INSTRUCTIONS FOR THE TASK =
The answer should be each line of the records that contains the word "define"; please copy them all.

RECORDS SHOWN =
lemma planar_orbit_near_origin:
  assumes avoid: "\<And>q. q \<in> planar_orbit \<sigma> p \<Longrightarrow> fst q \<noteq> 0"
    and "0 < fst p" "snd p < 0" "0 < \<delta>"
  shows "\<exists>q\<in>planar_orbit \<sigma> p. 0 < fst q \<and> fst q < \<delta> \<and> - \<delta> < snd q \<and> snd q < 0"
proof -
  define \<eta> where "\<eta> = min \<delta> (min (inv \<sigma> \<delta>) (\<sigma> \<delta>))"
  have "0 < \<eta>"
    using \<open>0 < \<delta>\<close> inv_sigma_less_iff[of 0 \<delta>] sigma_less_iff[of 0 \<delta>] unfolding \<eta>_def by simp
  then obtain a b where orbit: "(a, b) \<in> planar_orbit \<sigma> p" and "0 < a" "b < 0"
    and "- inv \<sigma> b < \<eta> \<or> \<sigma> a < \<eta>"
    using planar_orbit_short_move[OF assms(1-3)] by blast
  then consider "- inv \<sigma> b < \<eta>" | "\<sigma> a < \<eta>"
    by blast
  then show ?thesis
  proof cases
    case 1
    then have "inv \<sigma> (- b) < inv \<sigma> \<delta>" "- inv \<sigma> b < \<delta>"
      unfolding \<eta>_def odd_inv_sigma by linarith+
    moreover obtain a' where "(a', b) \<in> planar_orbit \<sigma> p" "0 < a'" "a' \<le> - inv \<sigma> b"
      using planar_orbit_drain_fst[OF orbit \<open>0 < a\<close> \<open>b < 0\<close>] by blast
    ultimately show ?thesis
      using \<open>b < 0\<close> by (intro bexI[of _ "(a', b)"]) auto
  next
    case 2
    then have "\<sigma> a < \<sigma> \<delta>" "\<sigma> a < \<delta>"
      unfolding \<eta>_def by linarith+
    moreover obtain b' where "(a, b') \<in> planar_orbit \<sigma> p" "- \<sigma> a \<le> b'" "b' < 0"
      using planar_orbit_drain_snd[OF orbit \<open>0 < a\<close> \<open>b < 0\<close>] by blast
    ultimately show ?thesis
      using \<open>0 < a\<close> by (intro bexI[of _ "(a, b')"]) auto
  qed
qed

lemma elementary_move_funpow_approx:
  assumes "s \<noteq> t" "y $ s \<noteq> 0" "0 \<le> (g - y $ t) * y $ s"
  shows "\<exists>N. \<bar>(elementary_move \<sigma> s t ^^ N) y $ t - g\<bar> < \<bar>move_fun \<sigma> s t (y $ s)\<bar>"
proof -
  define d where "d = move_fun \<sigma> s t (y $ s)"
  have "0 < y $ s \<and> 0 < d \<or> y $ s < 0 \<and> d < 0"
    using assms(2) unfolding d_def by (auto simp: linorder_neq_iff)
  then have "d \<noteq> 0" "0 \<le> (g - y $ t) * d"
    using assms(3) by (auto simp: zero_le_mult_iff)
  then obtain N :: nat where "\<bar>y $ t + real N * d - g\<bar> < \<bar>d\<bar>"
    using exists_nat_mult_approx by blast
  then show ?thesis
    using elementary_move_funpow_nth[OF assms(1)] unfolding d_def by auto
qed

lemma Msig_approx_coordinates:
  assumes "i \<noteq> j" "0 < y $ i" "y $ j < 0"
    and small: "\<And>t. \<bar>move_fun \<sigma> i t (y $ i)\<bar> < B" "\<And>t. \<bar>move_fun \<sigma> j t (y $ j)\<bar> < B"
    and "i \<notin> L" "j \<notin> L"
  shows "\<exists>m\<in>Msig \<sigma>. (\<forall>l. l \<notin> L \<longrightarrow> m y $ l = y $ l) \<and> (\<forall>l\<in>L. \<bar>m y $ l - g l\<bar> < B)"
  using finite[of L] assms(6,7)
proof (induction L rule: finite_induct)
  case empty
  have "id \<in> Msig \<sigma>"
    unfolding Msig_def by (rule monoid_gen.id_mem)
  then show ?case
    by (intro bexI[of _ id]) simp_all
next
  case (insert t L)
  then obtain m where "m \<in> Msig \<sigma>" and m: "\<forall>l. l \<notin> L \<longrightarrow> m y $ l = y $ l" "\<forall>l\<in>L. \<bar>m y $ l - g l\<bar> < B"
    by auto
  have "t \<noteq> i" "t \<noteq> j" "m y $ i = y $ i" "m y $ j = y $ j"
    using insert m(1) by auto
  obtain s where "s = i \<or> s = j" "0 \<le> (g t - m y $ t) * m y $ s"
    using \<open>m y $ i = y $ i\<close> \<open>m y $ j = y $ j\<close> assms(2,3)
    by (metis linorder_le_less_linear mult_nonpos_nonpos order.strict_implies_order zero_le_mult_iff)
  then have "s \<noteq> t" "m y $ s \<noteq> 0" "\<bar>move_fun \<sigma> s t (m y $ s)\<bar> < B"
    using \<open>t \<noteq> i\<close> \<open>t \<noteq> j\<close> \<open>m y $ i = y $ i\<close> \<open>m y $ j = y $ j\<close> assms(2,3) small by auto
  moreover obtain N
    where "\<bar>(elementary_move \<sigma> s t ^^ N) (m y) $ t - g t\<bar> < \<bar>move_fun \<sigma> s t (m y $ s)\<bar>"
    using elementary_move_funpow_approx \<open>s \<noteq> t\<close> \<open>m y $ s \<noteq> 0\<close> \<open>0 \<le> (g t - m y $ t) * m y $ s\<close>
    by blast
  ultimately have N: "\<bar>(elementary_move \<sigma> s t ^^ N) (m y) $ t - g t\<bar> < B"
    by linarith
  have "(elementary_move \<sigma> s t ^^ N) \<circ> m \<in> Msig \<sigma>"
    using elementary_move_funpow_in_Msig[OF \<open>s \<noteq> t\<close>] \<open>m \<in> Msig \<sigma>\<close> by (rule Msig_comp)
  then show ?case
    using m N elementary_move_funpow_nth[OF \<open>s \<noteq> t\<close>]
    by (intro bexI[of _ "(elementary_move \<sigma> s t ^^ N) \<circ> m"]) auto
qed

EXERCISE SOLUTION =
  define \<eta> where "\<eta> = min \<delta> (min (inv \<sigma> \<delta>) (\<sigma> \<delta>))"
  define d where "d = move_fun \<sigma> s t (y $ s)"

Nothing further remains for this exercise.